**MATERIAL FOR THE TASK:**
□ □ □ □ □
definition graph_stab :: "nat \<Rightarrow> (nat \<Rightarrow> nat \<Rightarrow> bool) \<Rightarrow> nat \<Rightarrow> qstate \<Rightarrow> qstate" where
  "graph_stab n R i = pauli n (unit_bit i) (adj_row n R i)"

definition is_graph_state :: "nat \<Rightarrow> (nat \<Rightarrow> nat \<Rightarrow> bool) \<Rightarrow> qstate \<Rightarrow> bool" where
  "is_graph_state n R s \<longleftrightarrow> s \<in> vecs n \<and> inner_q n s s = 1 \<and>
     (\<forall>i<n. graph_stab n R i s = s)"

text \<open>CWS code in standard form: span of Z^c |s>, c in C.\<close>
definition cws_code :: "nat \<Rightarrow> qstate \<Rightarrow> (nat \<Rightarrow> bool) set \<Rightarrow> qstate set" where
  "cws_code n s C = {\<psi>. \<exists>a. \<psi> = (\<lambda>y. \<Sum>c\<in>C. a c * pauli n (\<lambda>_. False) c s y)}"

definition orthonormal_basis :: "nat \<Rightarrow> qstate set \<Rightarrow> qstate set \<Rightarrow> bool" where
  "orthonormal_basis n Q B \<longleftrightarrow> finite B \<and> B \<subseteq> Q \<and>
     (\<forall>b\<in>B. inner_q n b b = 1) \<and>
     (\<forall>b\<in>B. \<forall>b'\<in>B. b \<noteq> b' \<longrightarrow> inner_q n b b' = 0) \<and>
     (\<forall>\<psi>\<in>Q. \<exists>a. \<psi> = (\<lambda>y. \<Sum>b\<in>B. a b * b y))"

text \<open>E detectable: <j|E|i> = C_E delta_ij for an orthonormal basis of Q
  (we require it for every orthonormal basis; the notion is basis independent).\<close>
definition detectable :: "nat \<Rightarrow> qstate set \<Rightarrow> (qstate \<Rightarrow> qstate) \<Rightarrow> bool" where
  "detectable n Q E \<longleftrightarrow> (\<forall>B. orthonormal_basis n Q B \<longrightarrow>
     (\<exists>CE. \<forall>i\<in>B. \<forall>j\<in>B. inner_q n j (E i) = (if i = j then CE else 0)))"

definition code_distance :: "nat \<Rightarrow> qstate set \<Rightarrow> nat" where
  "code_distance n Q = (LEAST w. \<exists>v\<in>bits n. \<exists>u\<in>bits n.
      \<not> detectable n Q (pauli n v u) \<and> pauli_weight n v u = w)"

end

theory Submission
  imports Defs
begin

(* Write Z^c for the diagonal Pauli operator pauli n 0 c.  The vectors Z^c|s>, c in C,
   form an orthonormal basis of the CWS code: each has norm 1 because Z^c is a diagonal
   map with entries +-1, and two of them are orthogonal because the summand of
   their inner product changes sign under flipping a bit on which the codewords differ
   (the graph state has |s(y)| invariant under such flips, as S_i s = s).
   The generator S_j commutes or anticommutes with Z^c according to the bit c_j, and
   S_j s = s, hence S_j Z^c|s> = (-1)^(c_j) Z^c|s>.  If bit j is involved, two basis
   vectors give diagonal entries +1 and -1, so S_j is not detectable.  The distance
   bound follows because code_distance is the least weight of a non-detectable Pauli,
   and the weight of S_j = X_j Z^(r_j) is 1 + deg j since the graph has no loops. *)

definition pauli_Z :: "nat \<Rightarrow> (nat \<Rightarrow> bool) \<Rightarrow> qstate \<Rightarrow> qstate" where
  "pauli_Z n c = pauli n (\<lambda>_. False) c"

lemma minus_one_power_square: "((-1::complex) ^ k) * (-1) ^ k = 1"
  by (simp flip: power_mult_distrib)

lemma bxor_cancel: "bxor (bxor y v) v = y"
  by (auto simp: bxor_def)

lemma bxor_unit_bit_in_bits: "i < n \<Longrightarrow> y \<in> bits n \<Longrightarrow> bxor y (unit_bit i) \<in> bits n"
  by (auto simp: bits_def bxor_def unit_bit_def)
□ □ □ □ □
Each record needs to be duplicated exactly.

**REPLY TO THE EXERCISE:**
definition graph_stab :: "nat \<Rightarrow> (nat \<Rightarrow> nat \<Rightarrow> bool) \<Rightarrow> nat \<Rightarrow> qstate \<Rightarrow> qstate" where
  "graph_stab n R i = pauli n (unit_bit i) (adj_row n R i)"

definition is_graph_state :: "nat \<Rightarrow> (nat \<Rightarrow> nat \<Rightarrow> bool) \<Rightarrow> qstate \<Rightarrow> bool" where
  "is_graph_state n R s \<longleftrightarrow> s \<in> vecs n \<and> inner_q n s s = 1 \<and>
     (\<forall>i<n. graph_stab n R i s = s)"

text \<open>CWS code in standard form: span of Z^c |s>, c in C.\<close>
definition cws_code :: "nat \<Rightarrow> qstate \<Rightarrow> (nat \<Rightarrow> bool) set \<Rightarrow> qstate set" where
  "cws_code n s C = {\<psi>. \<exists>a. \<psi> = (\<lambda>y. \<Sum>c\<in>C. a c * pauli n (\<lambda>_. False) c s y)}"

definition orthonormal_basis :: "nat \<Rightarrow> qstate set \<Rightarrow> qstate set \<Rightarrow> bool" where
  "orthonormal_basis n Q B \<longleftrightarrow> finite B \<and> B \<subseteq> Q \<and>
     (\<forall>b\<in>B. inner_q n b b = 1) \<and>
     (\<forall>b\<in>B. \<forall>b'\<in>B. b \<noteq> b' \<longrightarrow> inner_q n b b' = 0) \<and>
     (\<forall>\<psi>\<in>Q. \<exists>a. \<psi> = (\<lambda>y. \<Sum>b\<in>B. a b * b y))"

text \<open>E detectable: <j|E|i> = C_E delta_ij for an orthonormal basis of Q
  (we require it for every orthonormal basis; the notion is basis independent).\<close>
definition detectable :: "nat \<Rightarrow> qstate set \<Rightarrow> (qstate \<Rightarrow> qstate) \<Rightarrow> bool" where
  "detectable n Q E \<longleftrightarrow> (\<forall>B. orthonormal_basis n Q B \<longrightarrow>
     (\<exists>CE. \<forall>i\<in>B. \<forall>j\<in>B. inner_q n j (E i) = (if i = j then CE else 0)))"

definition code_distance :: "nat \<Rightarrow> qstate set \<Rightarrow> nat" where
  "code_distance n Q = (LEAST w. \<exists>v\<in>bits n. \<exists>u\<in>bits n.
      \<not> detectable n Q (pauli n v u) \<and> pauli_weight n v u = w)"

end

theory Submission
  imports Defs
begin

(* Write Z^c for the diagonal Pauli operator pauli n 0 c.  The vectors Z^c|s>, c in C,
   form an orthonormal basis of the CWS code: each has norm 1 because Z^c is a diagonal
   map with entries +-1, and two of them are orthogonal because the summand of
   their inner product changes sign under flipping a bit on which the codewords differ
   (the graph state has |s(y)| invariant under such flips, as S_i s = s).
   The generator S_j commutes or anticommutes with Z^c according to the bit c_j, and
   S_j s = s, hence S_j Z^c|s> = (-1)^(c_j) Z^c|s>.  If bit j is involved, two basis
   vectors give diagonal entries +1 and -1, so S_j is not detectable.  The distance
   bound follows because code_distance is the least weight of a non-detectable Pauli,
   and the weight of S_j = X_j Z^(r_j) is 1 + deg j since the graph has no loops. *)

definition pauli_Z :: "nat \<Rightarrow> (nat \<Rightarrow> bool) \<Rightarrow> qstate \<Rightarrow> qstate" where
  "pauli_Z n c = pauli n (\<lambda>_. False) c"

lemma minus_one_power_square: "((-1::complex) ^ k) * (-1) ^ k = 1"
  by (simp flip: power_mult_distrib)

lemma bxor_cancel: "bxor (bxor y v) v = y"
  by (auto simp: bxor_def)

lemma bxor_unit_bit_in_bits: "i < n \<Longrightarrow> y \<in> bits n \<Longrightarrow> bxor y (unit_bit i) \<in> bits n"
  by (auto simp: bits_def bxor_def unit_bit_def)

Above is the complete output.